EDS 240: Lecture 4.2
Visualizing numerical relationships
Week 4 | January 27th, 2024
Visualizing numerical relationships?
For visualizing the relationship between (typically) two numeric variables.
Line graphs (from week 3) are similar to scatter plots, except the x-axis variable is ordered chronologically and points are connected by lines to emphasize trends.
Roadmap
In this lesson, we’ll be exploring two main primary chart types:
1. scatter plots
2. 2d density plots
Roadmap
In this lesson, we’ll be exploring two main primary chart types:
1. scatter plots
2. 2d density plots
The data: Hubbard Brook Watershed stream chemistry
The Hubbard Brook Experimenatal Forest is a 8,700-acre hardwood research forest in the White Mountains of New Hampshire and home to a series of small watersheds occupying the valley’s north- and south-facing slopes.
Map of Hubbard Brook Experimental Forest, downloaded from the Hubbard Brook Ecosystem Study Photo Galleries
Since 1963, researchers have collected and analyzed weekly stream and precipitation data from the forest’s watersheds. Read about these long term data on DataOne.
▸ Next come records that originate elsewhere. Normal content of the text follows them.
lemma mem_images_below_iff:
  assumes p: "sort p = [0..<length p]"
    and B: "\<forall>l\<in>set B. distinct l \<and> set l \<subseteq> {0..<length p}"
    and t: "sorted t" "distinct t"
  shows "t \<in> set (images_below n p B) \<longleftrightarrow> set t \<subseteq> {0..<n} \<and> set t \<in> (`) (perm_of p) ` set ` set B"
proof -
  have image: "map ((!) p) l = map (perm_of p) l" "distinct (map ((!) p) l)" if "l \<in> set B" for l
  proof -
    have "distinct (sort p)" using p by simp
    then show "map ((!) p) l = map (perm_of p) l" "distinct (map ((!) p) l)"
      using B that by (auto simp: perm_of_def distinct_map inj_on_def nth_eq_iff_index_eq subset_iff)
  qed
  have "t \<in> set (images_below n p B) \<longleftrightarrow>
      (\<exists>l\<in>set B. list_all (\<lambda>x. x < n) (map ((!) p) l) \<and> t = sort (map ((!) p) l))"
    unfolding images_below_def set_map set_filter by blast
  also have "\<dots> \<longleftrightarrow> (\<exists>l\<in>set B. set (map ((!) p) l) \<subseteq> {0..<n} \<and> t = sort (map ((!) p) l))"
    by (intro bex_cong refl) (auto simp: list_all_iff)
  also have "\<dots> \<longleftrightarrow> (\<exists>l\<in>set B. set t \<subseteq> {0..<n} \<and> set t = perm_of p ` set l)"
  proof (intro bex_cong refl)
    fix l assume l: "l \<in> set B"
    have "t = sort (map ((!) p) l) \<longleftrightarrow> set t = set (map ((!) p) l)"
      using t image(2)[OF l] sorted_distinct_set_unique[of t "sort (map ((!) p) l)"] by auto
    moreover have "set (map ((!) p) l) = perm_of p ` set l"
      by (simp only: image(1)[OF l] set_map)
    ultimately show "set (map ((!) p) l) \<subseteq> {0..<n} \<and> t = sort (map ((!) p) l)
        \<longleftrightarrow> set t \<subseteq> {0..<n} \<and> set t = perm_of p ` set l"
      by auto
  qed
  finally show ?thesis by auto
qed

definition sqs14_perms :: "nat list list" where
  "sqs14_perms = [[12, 13, 0, 9, 10, 1, 2, 7, 11, 3, 8, 4, 5, 6],
    [12, 10, 9, 0, 3, 5, 6, 8, 4, 2, 7, 13, 1, 11],
    [12, 5, 1, 9, 2, 6, 13, 3, 0, 11, 8, 10, 7, 4],
    [13, 11, 9, 2, 12, 1, 8, 10, 5, 0, 7, 3, 4, 6],
    [11, 2, 3, 4, 13, 5, 10, 1, 6, 0, 9, 7, 12, 8],
    [4, 13, 8, 2, 6, 3, 9, 5, 7, 0, 1, 12, 10, 11],
    [4, 1, 11, 0, 5, 3, 6, 12, 2, 7, 8, 10, 9, 13],
    [10, 9, 2, 6, 11, 3, 7, 13, 1, 12, 5, 0, 4, 8],
    [11, 3, 6, 12, 1, 7, 13, 9, 0, 5, 2, 4, 8, 10],
    [11, 5, 9, 7, 12, 13, 0, 4, 10, 2, 6, 1, 8, 3],
    [11, 0, 3, 8, 10, 6, 7, 2, 9, 1, 4, 5, 13, 12]]"

lemma sqs14_perms_sorted: "list_all (\<lambda>p. sort p = [0..<14]) sqs14_perms"
  by code_simp

lemma length_sqs14_perms: "length sqs14_perms = 11"
  by (simp add: sqs14_perms_def)

lemma sqs14_perm:
  assumes "j < 11"
  shows "sort (sqs14_perms ! j) = [0..<length (sqs14_perms ! j)]" "length (sqs14_perms ! j) = 14"
proof -
  have sorted: "sort (sqs14_perms ! j) = [0..<14]"
    using sqs14_perms_sorted assms length_sqs14_perms by (simp add: list_all_length)
  show length: "length (sqs14_perms ! j) = 14"
    using arg_cong[OF sorted, of length] by simp
  show "sort (sqs14_perms ! j) = [0..<length (sqs14_perms ! j)]"
    using sorted length by simp
qed

definition sqs14_system :: "nat \<Rightarrow> nat set set" where
  "sqs14_system j = (`) (perm_of (sqs14_perms ! j)) ` sqs14"

lemma sqs14_system_steiner: "j < 11 \<Longrightarrow> steiner_system 3 4 {0..<14} (sqs14_system j)"
  unfolding sqs14_system_def
  using steiner_system_permutes_image[OF sqs14_steiner] perm_of_permutes[OF sqs14_perm(1)] sqs14_perm(2)
  by metis

lemma sorted_list_of_set_mem_quadruples:
  assumes "T \<subseteq> {0..<n}" "card T = 4"
  shows "sorted_list_of_set T \<in> set [[a, b, c, d]. d \<leftarrow> [0..<n], c \<leftarrow> [0..<d], b \<leftarrow> [0..<c], a \<leftarrow> [0..<b]]"
proof -
  let ?t = "sorted_list_of_set T"
  have fin: "finite T" using assms(1) by (rule finite_subset) simp
  then have t: "sorted_wrt (<) ?t" "set ?t = T" "length ?t = 4"
    using assms(2) by (simp_all add: sorted_list_of_set.strict_sorted_key_list_of_set)
  have "length ?t = Suc (Suc (Suc (Suc 0)))" using t(3) by simp
  then obtain a b c d where abcd: "?t = [a, b, c, d]"
    by (auto simp only: length_Suc_conv length_0_conv)
  have "a \<in> {0..<b}" "b \<in> {0..<c}" "c \<in> {0..<d}" "d \<in> {0..<n}"
    using t(1,2) assms(1) unfolding abcd by auto
  then show ?thesis
    unfolding abcd by (simp add: image_iff)
qed

lemma low_quadruples_covered_once:
  "list_all (\<lambda>t. length (filter (\<lambda>I. t \<in> set I) (map (\<lambda>p. images_below 8 p sqs14_blocks) sqs14_perms)) = 1)
     [[a, b, c, d]. d \<leftarrow> [0..<8], c \<leftarrow> [0..<d], b \<leftarrow> [0..<c], a \<leftarrow> [0..<b]]"
  by code_simp

lemma sqs14_systems_partition_low_quadruples:
  assumes "T \<subseteq> {0..<14} - {8..<14}" "card T = 4"
  shows "card {j. j < 11 \<and> T \<in> sqs14_system j} = 1"
proof -
  have T: "T \<subseteq> {0..<8}" using assms(1) by auto
  then have finT: "finite T" by (rule finite_subset) simp
  define t where "t = sorted_list_of_set T"
  have t: "sorted t" "distinct t" "set t = T"
    using finT by (simp_all add: t_def)
  have "t \<in> set [[a, b, c, d]. d \<leftarrow> [0..<8], c \<leftarrow> [0..<d], b \<leftarrow> [0..<c], a \<leftarrow> [0..<b]]"
    unfolding t_def using T assms(2) by (rule sorted_list_of_set_mem_quadruples)
  then have once: "length (filter (\<lambda>I. t \<in> set I) (map (\<lambda>p. images_below 8 p sqs14_blocks) sqs14_perms)) = 1"
    by (rule bspec[OF low_quadruples_covered_once[unfolded list_all_iff]])
  have iff: "t \<in> set (images_below 8 (sqs14_perms ! j) sqs14_blocks) \<longleftrightarrow> T \<in> sqs14_system j"
    if "j < 11" for j
  proof -
    have "\<forall>l\<in>set sqs14_blocks. distinct l \<and> set l \<subseteq> {0..<length (sqs14_perms ! j)}"
      using sqs14_blocks_wellformed sqs14_perm(2)[OF that] by (auto simp: list_all_iff)
    then show ?thesis
      using mem_images_below_iff[OF sqs14_perm(1)[OF that] _ t(1,2)] T t(3)
      by (simp add: sqs14_system_def sqs14_def)
  qed
  let ?I = "map (\<lambda>p. images_below 8 p sqs14_blocks) sqs14_perms"
  have "card {j. j < 11 \<and> T \<in> sqs14_system j} = card {j. j < length ?I \<and> t \<in> set (?I ! j)}"
    using iff by (intro arg_cong[where f = card]) (auto simp: length_sqs14_perms)
  also have "\<dots> = length (filter (\<lambda>I. t \<in> set I) ?I)"
    by (rule length_filter_conv_card[symmetric])
  finally show ?thesis using once by simp
qed

theorem corollary21:
  shows "\<exists>(Q :: nat set) F. large_set_mult 3 4 14 720 Q F"
proof -
  have "large_set_mult 3 4 (card {0..<14::nat}) (fact (card {8..<14::nat})) {0..<14}
      (\<Sum>j<card {0..<14::nat} - 3. image_mset (\<lambda>p. (`) p ` sqs14_system j) (mset_set {p. p permutes {8..<14}}))"
    by (rule large_set_mult_permuted_sqs) (simp_all add: sqs14_system_steiner sqs14_systems_partition_low_quadruples)
  moreover have "fact (card {8..<14::nat}) = (720::nat)"
    by (simp add: fact_numeral)
  ultimately show ?thesis by auto
qed

end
These long-term data have contributed to important research, including the discovery of acid rain in North America.
In this lesson, we’ll explore the effects of various compounds on stream water pH (a lower pH = more acidic).
I admittedly don’t know much about water chemistry, but have skimmed a number of helpful resources throughout the creation of this lesson. They’ll be linked as referenced.
Data wrangling
Our data don’t require much wrangling, though we will practice using the {metajam}
package for downloading and reading in data from repositories in the DataOne network.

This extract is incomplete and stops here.